◆ SUPPLIED MATERIAL:
☆ ☆ ☆ ☆ ☆ ☆ ☆
lemma intervals_disjoint:
  assumes "i \<in> {1..k}" "i' \<in> {1..k}" "i \<noteq> i'"
  shows "{L i<..L i + II i} \<inter> {L i'<..L i' + II i'} = {}"
proof (cases "i < i'")
  case True
  then show ?thesis using end_less_start[of i i'] assms by auto
next
  case False
  then show ?thesis using end_less_start[of i' i] assms by auto
qed

lemma card_intervals_after_start:
  assumes "j \<in> {1..k}"
  shows "card ((\<Union>i\<in>{1..k}. {L i<..L i + II i}) \<inter> {L j<..L k + II k}) = (\<Sum>i=j..k. II i)"
proof -
  have "card (\<Union>i\<in>{j..k}. {L i<..L i + II i}) = (\<Sum>i=j..k. card {L i<..L i + II i})"
    using assms intervals_disjoint by (intro card_UN_disjoint) auto
  then show ?thesis using intervals_after_start[OF assms] by simp
qed

lemma deficiency_at_start:
  fixes f :: "nat \<Rightarrow> nat"
  assumes "j \<in> {1..k}" "a \<le> L j"
    and step: "\<And>l. a < l \<Longrightarrow> l \<le> L k + II k \<Longrightarrow>
      f l = f (l - 1) + (if l \<in> (\<Union>i\<in>{1..k}. {L i<..L i + II i}) then 2 else 1)"
    and full: "f (L k + II k) = L k + II k"
  shows "f (L j) + (\<Sum>i=j..k. II i) = L j"
proof -
  have "L j \<le> L k + II k" using end_le_last_end[OF assms(1)] by simp
  then have "f (L k + II k) = f (L j) + (L k + II k - L j)
      + card ((\<Union>i\<in>{1..k}. {L i<..L i + II i}) \<inter> {L j<..L k + II k})"
    using assms(2) by (intro count_increments step) simp_all
  then have "f (L k + II k) = f (L j) + (L k + II k - L j) + (\<Sum>i=j..k. II i)"
    using card_intervals_after_start[OF assms(1)] by simp
  with full \<open>L j \<le> L k + II k\<close> show ?thesis by simp
qed

lemma total_length_le_start:
  fixes f :: "nat \<Rightarrow> nat"
  assumes "j \<in> {1..k}" "a \<le> L 1"
    and step: "\<And>l. a < l \<Longrightarrow> l \<le> L k + II k \<Longrightarrow>
      f l = f (l - 1) + (if l \<in> (\<Union>i\<in>{1..k}. {L i<..L i + II i}) then 2 else 1)"
    and full: "f (L k + II k) = L k + II k"
  shows "(\<Sum>i=1..k. II i) \<le> L j"
proof -
  from assms(1) have "f (L 1) + (\<Sum>i=1..k. II i) = L 1"
    by (intro deficiency_at_start[OF _ assms(2) step full]) simp
  with start_le_start[of 1 j] assms(1) show ?thesis by auto
qed

end

text \<open>With D_j = w_j + ... + w_k and N = D_1, the square [N] x [N] and, for each j, the strip
  (D_(j+1), D_j] x (N, L_j] or its mirror image lie below a corner in Q. They are pairwise
  disjoint, as each strip has one coordinate in its own range (D_(j+1), D_j] \<subseteq> [N] and
  the other > N.\<close>
lemma card_ge_staircase:
  fixes w L :: "nat \<Rightarrow> nat"
  assumes fin: "finite Q" and cd: "closed_down Q"
    and corner: "\<And>j. j \<in> {1..k} \<Longrightarrow> ((\<Sum>i=j..k. w i), L j) \<in> Q \<or> (L j, (\<Sum>i=j..k. w i)) \<in> Q"
    and tall: "\<And>j. j \<in> {1..k} \<Longrightarrow> (\<Sum>i=1..k. w i) \<le> L j"
  shows "(\<Sum>j=1..k. w j * L j) \<le> card Q"
proof -
  define D where "D j = (\<Sum>i=j..k. w i)" for j
  define N where "N = D 1"
  define block where "block j = (if (D j, L j) \<in> Q then {D (Suc j)<..D j} \<times> {N<..L j}
    else {N<..L j} \<times> {D (Suc j)<..D j})" for j
  have D_Suc: "D j = w j + D (Suc j)" if "j \<le> k" for j
    unfolding D_def using that by (rule sum.atLeast_Suc_atMost)
  have D_antimono: "D j' \<le> D j" if "j \<le> j'" for j j'
    unfolding D_def using that by (intro sum_mono2) auto
  have N_le: "N \<le> L j" if "j \<in> {1..k}" for j
    using tall[OF that] by (simp add: N_def D_def)
  have square: "box N N \<subseteq> Q"
  proof (cases "k = 0")
    case False
    then have one: "1 \<in> {1..k}" by simp
    then have "box N (L 1) \<subseteq> Q \<or> box (L 1) N \<subseteq> Q"
      using corner box_subset_of_mem[OF cd] unfolding N_def D_def by blast
    moreover have "box N N \<subseteq> box N (L 1)" "box N N \<subseteq> box (L 1) N"
      using N_le[OF one] by (auto simp: box_def)
    ultimately show ?thesis by blast
  qed (simp add: N_def D_def box_def)
  have block_sub: "block j \<subseteq> Q" if "j \<in> {1..k}" for j
  proof (cases "(D j, L j) \<in> Q")
    case True
    moreover have "block j \<subseteq> box (D j) (L j)"
      using True unfolding block_def box_def by auto
    ultimately show ?thesis using box_subset_of_mem[OF cd] by blast
  next
    case False
    then have "(L j, D j) \<in> Q" using corner[OF that] by (simp add: D_def)
    moreover have "block j \<subseteq> box (L j) (D j)"
      using False unfolding block_def box_def by auto
    ultimately show ?thesis using box_subset_of_mem[OF cd] by blast
  qed
  have card_block: "card (block j) = w j * (L j - N)" if "j \<in> {1..k}" for j
    using D_Suc[of j] that by (simp add: block_def card_cartesian_product)
  have blocks_disjoint: "block j \<inter> block j' = {}" if "j \<in> {1..k}" "j' \<in> {1..k}" "j < j'" for j j'
  proof -
    have "D j' \<le> D (Suc j)" "D j \<le> N" "D j' \<le> N"
      using that D_antimono unfolding N_def by auto
    then show ?thesis unfolding block_def by auto
  qed
  have square_disjoint: "box N N \<inter> (\<Union>j\<in>{1..k}. block j) = {}"
    unfolding box_def block_def by auto
  have "(\<Sum>j=1..k. w j * L j) = N * N + (\<Sum>j=1..k. w j * (L j - N))"
  proof -
    have "N * N = (\<Sum>j=1..k. w j * N)" by (simp add: N_def D_def sum_distrib_right)
    then show ?thesis
      using N_le by (simp add: sum.distrib[symmetric] add_mult_distrib2[symmetric])
  qed
  also have "\<dots> = card (box N N \<union> (\<Union>j\<in>{1..k}. block j))"
  proof -
    have "card (\<Union>j\<in>{1..k}. block j) = (\<Sum>j=1..k. card (block j))"
    proof (rule card_UN_disjoint)
      show "\<forall>j\<in>{1..k}. \<forall>j'\<in>{1..k}. j \<noteq> j' \<longrightarrow> block j \<inter> block j' = {}"
        using blocks_disjoint by (metis Int_commute linorder_neqE_nat)
    qed (simp_all add: block_def)
    with card_block square_disjoint show ?thesis
      by (simp add: card_Un_disjoint box_def block_def)
  qed
  also have "\<dots> \<le> card Q"
    using square block_sub by (intro card_mono fin) blast
  finally show ?thesis .
qed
☆ ☆ ☆ ☆ ☆ ☆ ☆
◆ INSTRUCTIONS TO FOLLOW:
Please give back the listing in full; each line must match exactly.

◆ ANSWER TO THE EXERCISE:
lemma intervals_disjoint:
  assumes "i \<in> {1..k}" "i' \<in> {1..k}" "i \<noteq> i'"
  shows "{L i<..L i + II i} \<inter> {L i'<..L i' + II i'} = {}"
proof (cases "i < i'")
  case True
  then show ?thesis using end_less_start[of i i'] assms by auto
next
  case False
  then show ?thesis using end_less_start[of i' i] assms by auto
qed

lemma card_intervals_after_start:
  assumes "j \<in> {1..k}"
  shows "card ((\<Union>i\<in>{1..k}. {L i<..L i + II i}) \<inter> {L j<..L k + II k}) = (\<Sum>i=j..k. II i)"
proof -
  have "card (\<Union>i\<in>{j..k}. {L i<..L i + II i}) = (\<Sum>i=j..k. card {L i<..L i + II i})"
    using assms intervals_disjoint by (intro card_UN_disjoint) auto
  then show ?thesis using intervals_after_start[OF assms] by simp
qed

lemma deficiency_at_start:
  fixes f :: "nat \<Rightarrow> nat"
  assumes "j \<in> {1..k}" "a \<le> L j"
    and step: "\<And>l. a < l \<Longrightarrow> l \<le> L k + II k \<Longrightarrow>
      f l = f (l - 1) + (if l \<in> (\<Union>i\<in>{1..k}. {L i<..L i + II i}) then 2 else 1)"
    and full: "f (L k + II k) = L k + II k"
  shows "f (L j) + (\<Sum>i=j..k. II i) = L j"
proof -
  have "L j \<le> L k + II k" using end_le_last_end[OF assms(1)] by simp
  then have "f (L k + II k) = f (L j) + (L k + II k - L j)
      + card ((\<Union>i\<in>{1..k}. {L i<..L i + II i}) \<inter> {L j<..L k + II k})"
    using assms(2) by (intro count_increments step) simp_all
  then have "f (L k + II k) = f (L j) + (L k + II k - L j) + (\<Sum>i=j..k. II i)"
    using card_intervals_after_start[OF assms(1)] by simp
  with full \<open>L j \<le> L k + II k\<close> show ?thesis by simp
qed

lemma total_length_le_start:
  fixes f :: "nat \<Rightarrow> nat"
  assumes "j \<in> {1..k}" "a \<le> L 1"
    and step: "\<And>l. a < l \<Longrightarrow> l \<le> L k + II k \<Longrightarrow>
      f l = f (l - 1) + (if l \<in> (\<Union>i\<in>{1..k}. {L i<..L i + II i}) then 2 else 1)"
    and full: "f (L k + II k) = L k + II k"
  shows "(\<Sum>i=1..k. II i) \<le> L j"
proof -
  from assms(1) have "f (L 1) + (\<Sum>i=1..k. II i) = L 1"
    by (intro deficiency_at_start[OF _ assms(2) step full]) simp
  with start_le_start[of 1 j] assms(1) show ?thesis by auto
qed

end

text \<open>With D_j = w_j + ... + w_k and N = D_1, the square [N] x [N] and, for each j, the strip
  (D_(j+1), D_j] x (N, L_j] or its mirror image lie below a corner in Q. They are pairwise
  disjoint, as each strip has one coordinate in its own range (D_(j+1), D_j] \<subseteq> [N] and
  the other > N.\<close>
lemma card_ge_staircase:
  fixes w L :: "nat \<Rightarrow> nat"
  assumes fin: "finite Q" and cd: "closed_down Q"
    and corner: "\<And>j. j \<in> {1..k} \<Longrightarrow> ((\<Sum>i=j..k. w i), L j) \<in> Q \<or> (L j, (\<Sum>i=j..k. w i)) \<in> Q"
    and tall: "\<And>j. j \<in> {1..k} \<Longrightarrow> (\<Sum>i=1..k. w i) \<le> L j"
  shows "(\<Sum>j=1..k. w j * L j) \<le> card Q"
proof -
  define D where "D j = (\<Sum>i=j..k. w i)" for j
  define N where "N = D 1"
  define block where "block j = (if (D j, L j) \<in> Q then {D (Suc j)<..D j} \<times> {N<..L j}
    else {N<..L j} \<times> {D (Suc j)<..D j})" for j
  have D_Suc: "D j = w j + D (Suc j)" if "j \<le> k" for j
    unfolding D_def using that by (rule sum.atLeast_Suc_atMost)
  have D_antimono: "D j' \<le> D j" if "j \<le> j'" for j j'
    unfolding D_def using that by (intro sum_mono2) auto
  have N_le: "N \<le> L j" if "j \<in> {1..k}" for j
    using tall[OF that] by (simp add: N_def D_def)
  have square: "box N N \<subseteq> Q"
  proof (cases "k = 0")
    case False
    then have one: "1 \<in> {1..k}" by simp
    then have "box N (L 1) \<subseteq> Q \<or> box (L 1) N \<subseteq> Q"
      using corner box_subset_of_mem[OF cd] unfolding N_def D_def by blast
    moreover have "box N N \<subseteq> box N (L 1)" "box N N \<subseteq> box (L 1) N"
      using N_le[OF one] by (auto simp: box_def)
    ultimately show ?thesis by blast
  qed (simp add: N_def D_def box_def)
  have block_sub: "block j \<subseteq> Q" if "j \<in> {1..k}" for j
  proof (cases "(D j, L j) \<in> Q")
    case True
    moreover have "block j \<subseteq> box (D j) (L j)"
      using True unfolding block_def box_def by auto
    ultimately show ?thesis using box_subset_of_mem[OF cd] by blast
  next
    case False
    then have "(L j, D j) \<in> Q" using corner[OF that] by (simp add: D_def)
    moreover have "block j \<subseteq> box (L j) (D j)"
      using False unfolding block_def box_def by auto
    ultimately show ?thesis using box_subset_of_mem[OF cd] by blast
  qed
  have card_block: "card (block j) = w j * (L j - N)" if "j \<in> {1..k}" for j
    using D_Suc[of j] that by (simp add: block_def card_cartesian_product)
  have blocks_disjoint: "block j \<inter> block j' = {}" if "j \<in> {1..k}" "j' \<in> {1..k}" "j < j'" for j j'
  proof -
    have "D j' \<le> D (Suc j)" "D j \<le> N" "D j' \<le> N"
      using that D_antimono unfolding N_def by auto
    then show ?thesis unfolding block_def by auto
  qed
  have square_disjoint: "box N N \<inter> (\<Union>j\<in>{1..k}. block j) = {}"
    unfolding box_def block_def by auto
  have "(\<Sum>j=1..k. w j * L j) = N * N + (\<Sum>j=1..k. w j * (L j - N))"
  proof -
    have "N * N = (\<Sum>j=1..k. w j * N)" by (simp add: N_def D_def sum_distrib_right)
    then show ?thesis
      using N_le by (simp add: sum.distrib[symmetric] add_mult_distrib2[symmetric])
  qed
  also have "\<dots> = card (box N N \<union> (\<Union>j\<in>{1..k}. block j))"
  proof -
    have "card (\<Union>j\<in>{1..k}. block j) = (\<Sum>j=1..k. card (block j))"
    proof (rule card_UN_disjoint)
      show "\<forall>j\<in>{1..k}. \<forall>j'\<in>{1..k}. j \<noteq> j' \<longrightarrow> block j \<inter> block j' = {}"
        using blocks_disjoint by (metis Int_commute linorder_neqE_nat)
    qed (simp_all add: block_def)
    with card_block square_disjoint show ?thesis
      by (simp add: card_Un_disjoint box_def block_def)
  qed
  also have "\<dots> \<le> card Q"
    using square block_sub by (intro card_mono fin) blast
  finally show ?thesis .
qed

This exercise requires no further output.